= WHAT YOU NEED TO DO =
This task calls for copying every line in the data below that contains the word "with".

= RECORDS TO PROCESS =

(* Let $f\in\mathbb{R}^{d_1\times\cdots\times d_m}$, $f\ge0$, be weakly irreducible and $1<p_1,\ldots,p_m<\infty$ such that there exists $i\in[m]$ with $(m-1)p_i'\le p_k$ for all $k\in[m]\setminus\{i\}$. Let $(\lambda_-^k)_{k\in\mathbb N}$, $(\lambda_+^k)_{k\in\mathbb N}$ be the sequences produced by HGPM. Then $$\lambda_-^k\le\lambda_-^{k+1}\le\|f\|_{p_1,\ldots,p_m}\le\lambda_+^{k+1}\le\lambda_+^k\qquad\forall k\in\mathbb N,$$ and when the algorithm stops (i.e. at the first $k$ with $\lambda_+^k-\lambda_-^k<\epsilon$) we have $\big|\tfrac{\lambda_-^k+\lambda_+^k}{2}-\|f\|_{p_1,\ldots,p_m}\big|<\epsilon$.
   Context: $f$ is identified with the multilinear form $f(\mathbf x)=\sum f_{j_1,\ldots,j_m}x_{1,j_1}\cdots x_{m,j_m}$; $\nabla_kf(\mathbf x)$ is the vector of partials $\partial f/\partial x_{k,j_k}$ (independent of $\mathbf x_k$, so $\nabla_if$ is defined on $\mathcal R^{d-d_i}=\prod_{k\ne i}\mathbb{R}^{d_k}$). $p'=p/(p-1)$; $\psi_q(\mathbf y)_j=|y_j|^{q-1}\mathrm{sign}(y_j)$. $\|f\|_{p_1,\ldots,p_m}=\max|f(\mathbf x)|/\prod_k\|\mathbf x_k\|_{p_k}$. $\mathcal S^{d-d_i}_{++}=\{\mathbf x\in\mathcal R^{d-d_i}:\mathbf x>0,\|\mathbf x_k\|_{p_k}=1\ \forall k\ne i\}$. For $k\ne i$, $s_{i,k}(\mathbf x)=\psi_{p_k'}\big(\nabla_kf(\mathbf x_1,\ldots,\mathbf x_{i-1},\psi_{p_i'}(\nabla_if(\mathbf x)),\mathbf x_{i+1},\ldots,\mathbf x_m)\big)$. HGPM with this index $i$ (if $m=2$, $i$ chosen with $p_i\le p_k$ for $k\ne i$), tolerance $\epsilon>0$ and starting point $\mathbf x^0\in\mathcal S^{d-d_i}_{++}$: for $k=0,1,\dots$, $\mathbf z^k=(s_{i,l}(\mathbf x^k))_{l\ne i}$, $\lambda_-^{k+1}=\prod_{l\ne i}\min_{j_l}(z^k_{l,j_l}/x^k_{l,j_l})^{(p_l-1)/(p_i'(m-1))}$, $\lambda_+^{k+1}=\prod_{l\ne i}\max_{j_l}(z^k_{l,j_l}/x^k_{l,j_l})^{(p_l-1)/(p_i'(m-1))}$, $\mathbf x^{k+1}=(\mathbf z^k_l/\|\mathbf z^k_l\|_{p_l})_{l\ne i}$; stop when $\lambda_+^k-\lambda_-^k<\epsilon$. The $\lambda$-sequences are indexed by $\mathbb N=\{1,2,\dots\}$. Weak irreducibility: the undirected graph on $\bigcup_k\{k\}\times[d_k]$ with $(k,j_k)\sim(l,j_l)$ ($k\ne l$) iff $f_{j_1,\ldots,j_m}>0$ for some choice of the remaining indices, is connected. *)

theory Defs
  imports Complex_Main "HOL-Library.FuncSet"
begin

= EXERCISE ANSWER =
(* Let $f\in\mathbb{R}^{d_1\times\cdots\times d_m}$, $f\ge0$, be weakly irreducible and $1<p_1,\ldots,p_m<\infty$ such that there exists $i\in[m]$ with $(m-1)p_i'\le p_k$ for all $k\in[m]\setminus\{i\}$. Let $(\lambda_-^k)_{k\in\mathbb N}$, $(\lambda_+^k)_{k\in\mathbb N}$ be the sequences produced by HGPM. Then $$\lambda_-^k\le\lambda_-^{k+1}\le\|f\|_{p_1,\ldots,p_m}\le\lambda_+^{k+1}\le\lambda_+^k\qquad\forall k\in\mathbb N,$$ and when the algorithm stops (i.e. at the first $k$ with $\lambda_+^k-\lambda_-^k<\epsilon$) we have $\big|\tfrac{\lambda_-^k+\lambda_+^k}{2}-\|f\|_{p_1,\ldots,p_m}\big|<\epsilon$.
   Context: $f$ is identified with the multilinear form $f(\mathbf x)=\sum f_{j_1,\ldots,j_m}x_{1,j_1}\cdots x_{m,j_m}$; $\nabla_kf(\mathbf x)$ is the vector of partials $\partial f/\partial x_{k,j_k}$ (independent of $\mathbf x_k$, so $\nabla_if$ is defined on $\mathcal R^{d-d_i}=\prod_{k\ne i}\mathbb{R}^{d_k}$). $p'=p/(p-1)$; $\psi_q(\mathbf y)_j=|y_j|^{q-1}\mathrm{sign}(y_j)$. $\|f\|_{p_1,\ldots,p_m}=\max|f(\mathbf x)|/\prod_k\|\mathbf x_k\|_{p_k}$. $\mathcal S^{d-d_i}_{++}=\{\mathbf x\in\mathcal R^{d-d_i}:\mathbf x>0,\|\mathbf x_k\|_{p_k}=1\ \forall k\ne i\}$. For $k\ne i$, $s_{i,k}(\mathbf x)=\psi_{p_k'}\big(\nabla_kf(\mathbf x_1,\ldots,\mathbf x_{i-1},\psi_{p_i'}(\nabla_if(\mathbf x)),\mathbf x_{i+1},\ldots,\mathbf x_m)\big)$. HGPM with this index $i$ (if $m=2$, $i$ chosen with $p_i\le p_k$ for $k\ne i$), tolerance $\epsilon>0$ and starting point $\mathbf x^0\in\mathcal S^{d-d_i}_{++}$: for $k=0,1,\dots$, $\mathbf z^k=(s_{i,l}(\mathbf x^k))_{l\ne i}$, $\lambda_-^{k+1}=\prod_{l\ne i}\min_{j_l}(z^k_{l,j_l}/x^k_{l,j_l})^{(p_l-1)/(p_i'(m-1))}$, $\lambda_+^{k+1}=\prod_{l\ne i}\max_{j_l}(z^k_{l,j_l}/x^k_{l,j_l})^{(p_l-1)/(p_i'(m-1))}$, $\mathbf x^{k+1}=(\mathbf z^k_l/\|\mathbf z^k_l\|_{p_l})_{l\ne i}$; stop when $\lambda_+^k-\lambda_-^k<\epsilon$. The $\lambda$-sequences are indexed by $\mathbb N=\{1,2,\dots\}$. Weak irreducibility: the undirected graph on $\bigcup_k\{k\}\times[d_k]$ with $(k,j_k)\sim(l,j_l)$ ($k\ne l$) iff $f_{j_1,\ldots,j_m}>0$ for some choice of the remaining indices, is connected. *)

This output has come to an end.